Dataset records
theorem theorem2:
  fixes n :: nat and \<omega> k :: "real list"
  assumes n2: "n \<ge> 2"
    and len: "length \<omega> = n" "length k = n"
    and kpos: "\<forall>i<n. k ! i > 0"
    and IC1: "(\<Sum>i<n. \<omega> ! i) = 0"
    and IC2: "\<exists>i<n. \<omega> ! i \<noteq> 0"
    and IC3: "\<forall>i j. i \<le> j \<and> j < n \<longrightarrow> \<bar>\<omega> ! i / k ! i\<bar> \<le> \<bar>\<omega> ! j / k ! j\<bar>"
    and IC4: "\<forall>i j. i \<le> j \<and> j < n \<longrightarrow> k ! i \<ge> k ! j"
  shows
    "(\<not> has_pos_root \<omega> k (replicate n 1) \<longrightarrow>
        (\<forall>\<sigma>'. sign_vec n \<sigma>' \<longrightarrow> \<not> has_pos_root \<omega> k \<sigma>'))
   \<and> (\<forall>\<sigma>. sign_vec n \<sigma> \<and> card {i. i < n \<and> \<sigma> ! i = -1} = 1 \<and> \<not> has_pos_root \<omega> k \<sigma> \<longrightarrow>
        (\<forall>\<sigma>'. sign_vec n \<sigma>' \<and> bin_val \<sigma>' < bin_val \<sigma> \<longrightarrow> \<not> has_pos_root \<omega> k \<sigma>'))
   \<and> (\<forall>\<sigma> l. sign_vec n \<sigma> \<and> card {i. i < n \<and> \<sigma> ! i = -1} \<ge> 2 \<and> \<not> has_pos_root \<omega> k \<sigma>
        \<and> l < n \<and> \<sigma> ! l = -1 \<and> card {i. l < i \<and> i < n \<and> \<sigma> ! i = -1} = 1 \<longrightarrow>
        (\<forall>\<rho>2'. sign_vec (n - (l + 1)) \<rho>2' \<and> bin_val \<rho>2' < bin_val (drop (l + 1) \<sigma>) \<longrightarrow>
           \<not> has_pos_root \<omega> k (take (l + 1) \<sigma> @ \<rho>2')))"
proof -
  interpret frequency_data n \<omega> k
    using assms by unfold_locales auto
  have part2: "\<not> has_pos_root \<omega> k \<sigma>'"
    if hyps: "sign_vec n \<sigma>" "card {i. i < n \<and> \<sigma> ! i = -1} = 1" "\<not> has_pos_root \<omega> k \<sigma>"
      "sign_vec n \<sigma>'" "bin_val \<sigma>' < bin_val \<sigma>" for \<sigma> \<sigma>'
  proof -
    obtain j where "\<forall>\<mu>. 0 \<le> \<mu> \<and> \<mu> < n \<and> \<mu> \<noteq> j \<longrightarrow> \<sigma> ! \<mu> = 1"
      using sign_vec_single_minus_from[of n \<sigma> 0] hyps(1,2) by auto
    then show ?thesis using no_pos_root_of_smaller_suffix[of \<sigma> 0 j \<sigma>'] hyps by simp
  qed
  have part3: "\<not> has_pos_root \<omega> k (take (l + 1) \<sigma> @ \<rho>)"
    if hyps: "sign_vec n \<sigma>" "\<not> has_pos_root \<omega> k \<sigma>" "l < n" "card {i. l < i \<and> i < n \<and> \<sigma> ! i = -1} = 1"
      "sign_vec (n - (l + 1)) \<rho>" "bin_val \<rho> < bin_val (drop (l + 1) \<sigma>)" for \<sigma> l \<rho>
  proof -
    obtain j where "\<forall>\<mu>. l + 1 \<le> \<mu> \<and> \<mu> < n \<and> \<mu> \<noteq> j \<longrightarrow> \<sigma> ! \<mu> = 1"
      using sign_vec_single_minus_from[of n \<sigma> "l + 1"] hyps(1,4) by (auto simp: Suc_le_eq)
    then show ?thesis using no_pos_root_of_smaller_suffix[of \<sigma> "l + 1" j \<rho>] hyps by simp
  qed
  show ?thesis using no_pos_root_of_all_plus part2 part3 by blast
qed

end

## [Assigned task]
Word for word, copy out the records.

## [Response box]
theorem theorem2:
  fixes n :: nat and \<omega> k :: "real list"
  assumes n2: "n \<ge> 2"
    and len: "length \<omega> = n" "length k = n"
    and kpos: "\<forall>i<n. k ! i > 0"
    and IC1: "(\<Sum>i<n. \<omega> ! i) = 0"
    and IC2: "\<exists>i<n. \<omega> ! i \<noteq> 0"
    and IC3: "\<forall>i j. i \<le> j \<and> j < n \<longrightarrow> \<bar>\<omega> ! i / k ! i\<bar> \<le> \<bar>\<omega> ! j / k ! j\<bar>"
    and IC4: "\<forall>i j. i \<le> j \<and> j < n \<longrightarrow> k ! i \<ge> k ! j"
  shows
    "(\<not> has_pos_root \<omega> k (replicate n 1) \<longrightarrow>
        (\<forall>\<sigma>'. sign_vec n \<sigma>' \<longrightarrow> \<not> has_pos_root \<omega> k \<sigma>'))
   \<and> (\<forall>\<sigma>. sign_vec n \<sigma> \<and> card {i. i < n \<and> \<sigma> ! i = -1} = 1 \<and> \<not> has_pos_root \<omega> k \<sigma> \<longrightarrow>
        (\<forall>\<sigma>'. sign_vec n \<sigma>' \<and> bin_val \<sigma>' < bin_val \<sigma> \<longrightarrow> \<not> has_pos_root \<omega> k \<sigma>'))
   \<and> (\<forall>\<sigma> l. sign_vec n \<sigma> \<and> card {i. i < n \<and> \<sigma> ! i = -1} \<ge> 2 \<and> \<not> has_pos_root \<omega> k \<sigma>
        \<and> l < n \<and> \<sigma> ! l = -1 \<and> card {i. l < i \<and> i < n \<and> \<sigma> ! i = -1} = 1 \<longrightarrow>
        (\<forall>\<rho>2'. sign_vec (n - (l + 1)) \<rho>2' \<and> bin_val \<rho>2' < bin_val (drop (l + 1) \<sigma>) \<longrightarrow>
           \<not> has_pos_root \<omega> k (take (l + 1) \<sigma> @ \<rho>2')))"
proof -
  interpret frequency_data n \<omega> k
    using assms by unfold_locales auto
  have part2: "\<not> has_pos_root \<omega> k \<sigma>'"
    if hyps: "sign_vec n \<sigma>" "card {i. i < n \<and> \<sigma> ! i = -1} = 1" "\<not> has_pos_root \<omega> k \<sigma>"
      "sign_vec n \<sigma>'" "bin_val \<sigma>' < bin_val \<sigma>" for \<sigma> \<sigma>'
  proof -
    obtain j where "\<forall>\<mu>. 0 \<le> \<mu> \<and> \<mu> < n \<and> \<mu> \<noteq> j \<longrightarrow> \<sigma> ! \<mu> = 1"
      using sign_vec_single_minus_from[of n \<sigma> 0] hyps(1,2) by auto
    then show ?thesis using no_pos_root_of_smaller_suffix[of \<sigma> 0 j \<sigma>'] hyps by simp
  qed
  have part3: "\<not> has_pos_root \<omega> k (take (l + 1) \<sigma> @ \<rho>)"
    if hyps: "sign_vec n \<sigma>" "\<not> has_pos_root \<omega> k \<sigma>" "l < n" "card {i. l < i \<and> i < n \<and> \<sigma> ! i = -1} = 1"
      "sign_vec (n - (l + 1)) \<rho>" "bin_val \<rho> < bin_val (drop (l + 1) \<sigma>)" for \<sigma> l \<rho>
  proof -
    obtain j where "\<forall>\<mu>. l + 1 \<le> \<mu> \<and> \<mu> < n \<and> \<mu> \<noteq> j \<longrightarrow> \<sigma> ! \<mu> = 1"
      using sign_vec_single_minus_from[of n \<sigma> "l + 1"] hyps(1,4) by (auto simp: Suc_le_eq)
    then show ?thesis using no_pos_root_of_smaller_suffix[of \<sigma> "l + 1" j \<rho>] hyps by simp
  qed
  show ?thesis using no_pos_root_of_all_plus part2 part3 by blast
qed

end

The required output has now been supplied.